If, through your own actions you were primarily responsible for the virtual bankruptcy of the U.K., how delighted would you be if most people blamed someone else? That’s the position we’re in. The Government may indeed be a ‘kakistocracy’ – government run by the worst, least qualified, or most unscrupulous citizens – but they’re a crafty lot with a particular knack for deflecting blame.
According to a recent YouGov poll, three times more Britons blame the war in Ukraine rather than other factors for the cost of living crisis.
You don’t have to look very far in the media to find stories that lay the blame for the cost-of-living crisis on the rise in energy prices and that, in turn, on Russia’s invasion of Ukraine. But is this true?
Russia invaded Ukraine on February 24th 2022. It came as a surprise and largely caught the world off-guard.
The ‘energy price cap’, a policy stolen from the Labour Party by the Tories after they’d soundly derided it, was first established in January 2019. It wasn’t needed. It represented another encroachment of the supposedly ‘free market’ Tories into a free market. If people were too uninterested to shop around for lower gas and electricity prices, what business was it of the Government? It wasn’t as if lower priced deals were hidden from view – they were widely advertised and switching was easy.
The decision as to the level of the ‘energy price cap’ that would prevail from April 1st 2022 was announced on February 3rd 2022, three weeks prior to the invasion. Consequently, the 54% increase in the energy price cap that came into effect on April 1st 2022, increasing the average household energy bill to £1,971 per year from £1,277, was not directly influenced by the invasion at all.
It wasn’t until the October 1st when the ‘energy price guarantee’ became effective that any direct consequences of the Ukrainian invasion filtered through to residential energy prices. The increase, effective from October 1st, amounted to 6.5%. That’s right, with the headline inflation rate currently at over 10%, the consequences of the invasion has actually been to slightly moderate inflation.
In the absence of the £400 rebate, payable to all households, the average increase would have been 27%, but once the £400 is taken into account the increase reduces to 6.5%.
Of course, there were some secondary consequences affecting the cost of living from the invasion of Ukraine. Commercial gas prices went up and some commodities increased in price, which have contributed to inflationary pressures. But of course the principal driver of inflation has been the orgy of money printing that Rishi Sunak oversaw as Chancellor during the disastrous Covid overreaction.
Gas prices have now fallen back to a position around 25% higher than when the invasion occurred.
Petrol prices are about 10% higher now than they were at the time of the invasion.
Clearly, Russia’s invasion of Ukraine has helped to push up some prices but the impact on the cost of living has, in aggregate, been below the headline rate of inflation.
Let’s just look at what happened to the U.K. inflation rate around the time of Russia’s invasion of Ukraine.
I’ve lifted the chart from the Spectator. It perfectly illustrates that from mid-2021, when the Covid restrictions were finally lifted, inflation had already taken off as people rushed out to spend all the cash the Government had printed paying people to sit at home not working. There wasn’t a flicker in the trajectory of the upwards rise in inflation. Russia wasn’t to blame, Brexit wasn’t to blame, Liz Truss and Kwasi Kwarteng’s budget wasn’t to blame; the primary responsibility lies with Boris Johnson and Rishi Sunak.

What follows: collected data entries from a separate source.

text \<open>If the block of \<open>M\<close> off row and column \<open>k\<close> agrees with the rank-one matrix
  \<open>M\<^sub>i\<^sub>k M\<^sub>k\<^sub>j / M\<^sub>k\<^sub>k\<close> away from the diagonal, the Schur complement of \<open>M\<^sub>k\<^sub>k\<close> is diagonal.\<close>

lemma det_schur_rank_one:
  fixes M :: "real^'n::finite^'n"
  assumes kk: "M$k$k \<noteq> 0"
    and off: "\<And>i j. i \<noteq> k \<Longrightarrow> j \<noteq> k \<Longrightarrow> i \<noteq> j \<Longrightarrow> M$i$j = M$i$k * M$k$j / M$k$k"
  shows "det M = M$k$k * (\<Prod>i\<in>UNIV-{k}. M$i$i - M$i$k * M$k$i / M$k$k)"
proof -
  define E :: "real^'n^'n" where
    "E = (\<chi> i j. if i = j then 1 else if j = k then -(M$i$k / M$k$k) else 0)"
  have dE: "det E = 1"
    by (subst det_diagonal_but_column[of k]) (auto simp: E_def)
  define N where "N = E ** M"
  have Nij: "N$i$j = M$i$j - (if i \<noteq> k then M$i$k / M$k$k * M$k$j else 0)" for i j
  proof -
    have "N$i$j = (\<Sum>l\<in>UNIV. E$i$l * M$l$j)" by (simp add: N_def matrix_matrix_mult_def)
    also have "\<dots> = (\<Sum>l\<in>UNIV. (if l = i then M$i$j else 0) +
        (if l = k \<and> i \<noteq> k then -(M$i$k / M$k$k) * M$k$j else 0))"
      by (intro sum.cong refl) (simp add: E_def)
    finally show ?thesis
      unfolding sum.distrib by (simp add: if_distrib cong: if_cong)
  qed
  have "det M = det N" by (simp add: N_def det_mul dE)
  also have "\<dots> = (\<Prod>i\<in>UNIV. N$i$i)"
  proof (rule det_diagonal_but_row[of k])
    fix i j :: 'n assume "i \<noteq> k" "i \<noteq> j"
    then show "N$i$j = 0" using kk off[of i j] by (cases "j = k") (auto simp: Nij)
  qed
  also have "\<dots> = N$k$k * (\<Prod>i\<in>UNIV-{k}. N$i$i)"
    by (rule prod.remove) auto
  also have "(\<Prod>i\<in>UNIV-{k}. N$i$i) = (\<Prod>i\<in>UNIV-{k}. M$i$i - M$i$k * M$k$i / M$k$k)"
    by (intro prod.cong) (auto simp: Nij)
  finally show ?thesis by (simp add: Nij)
qed

definition wfun_ab :: "'n::finite \<Rightarrow> real \<Rightarrow> real \<Rightarrow> real^'n \<Rightarrow> real" where
  "wfun_ab k a b x = x $ k - (x $ k) powr a * (1 - xprime_sq k x) powr b"

lemma wfun_ab_pexpr:
  "wfun_ab k a b = pexpr_eval k (PAdd (PCoord k) (PMult (PConst (-1)) (PMonom a b)))"
  by (simp add: wfun_ab_def fun_eq_iff)

lemma smooth_on_wfun_ab: "smooth_on (Omega k) (wfun_ab k a b)"
  unfolding wfun_ab_pexpr by (rule smooth_on_pexpr_eval)

lemma powr_mult_self_divide:
  fixes T :: real assumes "T > 0"
  shows "T powr c * T powr c / T powr d = T powr (2*c - d)"
proof -
  have "T powr (2*c - d) = T powr ((c + c) - d)" by (rule arg_cong[where f="\<lambda>z. T powr z"]) simp
  also have "\<dots> = T powr (c + c) / T powr d" by (rule powr_diff)
  also have "\<dots> = T powr c * T powr c / T powr d" by (simp only: powr_add)
  finally show ?thesis by simp
qed

lemma det_hessian_wfun_ab_prod:
  fixes x :: "real^'n::finite"
  assumes x: "x \<in> Omega k" and a: "0 < a" "a < 1" and ab: "a + b = 1"
  shows "det (hessian (wfun_ab k a b) x) =
     (a * b * (x$k) powr (a-2) * (1 - xprime_sq k x) powr b) *
     (2 * b * (x$k) powr a * (1 - xprime_sq k x) powr (b-1)) ^ (CARD('n) - 1)"
proof -
  define M where "M = hessian (wfun_ab k a b) x"
  define T where "T = x $ k"
  define Y where "Y = 1 - xprime_sq k x"
  have T: "T > 0" and Y: "Y > 0" using Omega_pos[OF x] by (auto simp: T_def Y_def)
  have b: "b = 1 - a" using ab by simp
  note M_eq = M_def wfun_ab_pexpr hessian_pexpr_eval[OF x]
  have Mkk: "M$k$k = a * b * T powr (a-2) * Y powr b"
    unfolding M_eq by (simp add: T_def Y_def b algebra_simps)
  have Mik: "M$i$k = 2*a*b * x$i * T powr (a-1) * Y powr (b-1)"
    and Mki: "M$k$i = 2*a*b * x$i * T powr (a-1) * Y powr (b-1)" if "i \<noteq> k" for i
    unfolding M_eq using that by (simp_all add: T_def Y_def algebra_simps)
  have Mij: "M$i$j = 2*b*(if i = j then 1 else 0) * T powr a * Y powr (b-1)
       + 2*b*(2-2*b) * x$i * x$j * T powr a * Y powr (b-2)" if "i \<noteq> k" "j \<noteq> k" for i j
    unfolding M_eq using that by (auto simp: T_def Y_def algebra_simps)
  have nz: "M$k$k \<noteq> 0" using T Y a b by (simp add: Mkk)
  have rank_one: "M$i$k * M$k$j / M$k$k = 2*b*(2-2*b) * x$i * x$j * T powr a * Y powr (b-2)"
    if "i \<noteq> k" "j \<noteq> k" for i j
  proof -
    have "M$i$k * M$k$j / M$k$k = (4*a*b * x$i * x$j) * (T powr (a-1) * T powr (a-1) / T powr (a-2))
         * (Y powr (b-1) * Y powr (b-1) / Y powr b)"
      using that a b T Y by (simp add: Mik Mki Mkk field_simps)
    also have "\<dots> = (4*a*b * x$i * x$j) * T powr a * Y powr (b-2)"
      using T Y by (simp add: powr_mult_self_divide algebra_simps)
    finally show ?thesis using ab by (simp add: b algebra_simps)
  qed
  have "det M = M$k$k * (\<Prod>i\<in>UNIV-{k}. M$i$i - M$i$k * M$k$i / M$k$k)"
    by (rule det_schur_rank_one[OF nz]) (simp add: Mij rank_one)
  also have "(\<Prod>i\<in>UNIV-{k}. M$i$i - M$i$k * M$k$i / M$k$k) =
      (\<Prod>i\<in>UNIV-{k}. 2 * b * T powr a * Y powr (b-1))"
    by (intro prod.cong refl) (simp add: Mij rank_one)
  also have "\<dots> = (2 * b * T powr a * Y powr (b-1)) ^ (CARD('n) - 1)"
    by (simp add: card_Diff_singleton)
  finally show ?thesis unfolding Mkk by (simp add: M_def T_def Y_def)
qed

lemma det_hessian_wfun_ab:
  fixes x :: "real^'n::finite"
  assumes x: "x \<in> Omega k" and a: "0 < a" "a < 1" and ab: "a + b = 1"
  defines "r \<equiv> real CARD('n) * a - 1"
  shows "det (hessian (wfun_ab k a b) x) =
     a * b * (2*b)^(CARD('n) - 1) * ((x$k) powr (r-1) * (1 - xprime_sq k x) powr (-r))"
proof -
  define m where "m = CARD('n) - 1"
  define T where "T = x $ k"
  define Y where "Y = 1 - xprime_sq k x"
  have T: "T > 0" and Y: "Y > 0" using Omega_pos[OF x] by (auto simp: T_def Y_def)
  have m: "real m = real CARD('n) - 1" by (simp add: m_def of_nat_diff)
  have b: "b = 1 - a" using ab by simp
  have e1: "a - 2 + real m * a = r - 1"
    unfolding m r_def by (simp add: algebra_simps)
  have e2: "b + real m * (b-1) = -r"
    unfolding b m r_def by (simp add: algebra_simps)
  have "det (hessian (wfun_ab k a b) x) =
      (a * b * T powr (a-2) * Y powr b) * (2 * b * T powr a * Y powr (b-1)) ^ m"
    unfolding det_hessian_wfun_ab_prod[OF x a ab] by (simp add: T_def Y_def m_def)
  also have "\<dots> = a * b * (2*b)^m * ((T powr (a-2) * T powr (real m * a)) * (Y powr b * Y powr (real m * (b-1))))"
    using T Y by (simp add: power_mult_distrib powr_power)
  also have "\<dots> = a * b * (2*b)^m * (T powr (r-1) * Y powr (-r))"
    by (simp only: powr_add[symmetric] e1 e2)
  finally show ?thesis by (simp add: m_def T_def Y_def)
qed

In the same way that we can’t lay the blame for our 10%-plus inflation rate at the door of Putin, neither can we blame the WHO, the IMF, the World Bank or even the EU. No, we have to look closer to home – our very own ‘kakistocratic’ Government and the vast majority of our own population who went along with it and whose only complaint was that there weren’t more and harsher restrictions sooner and longer.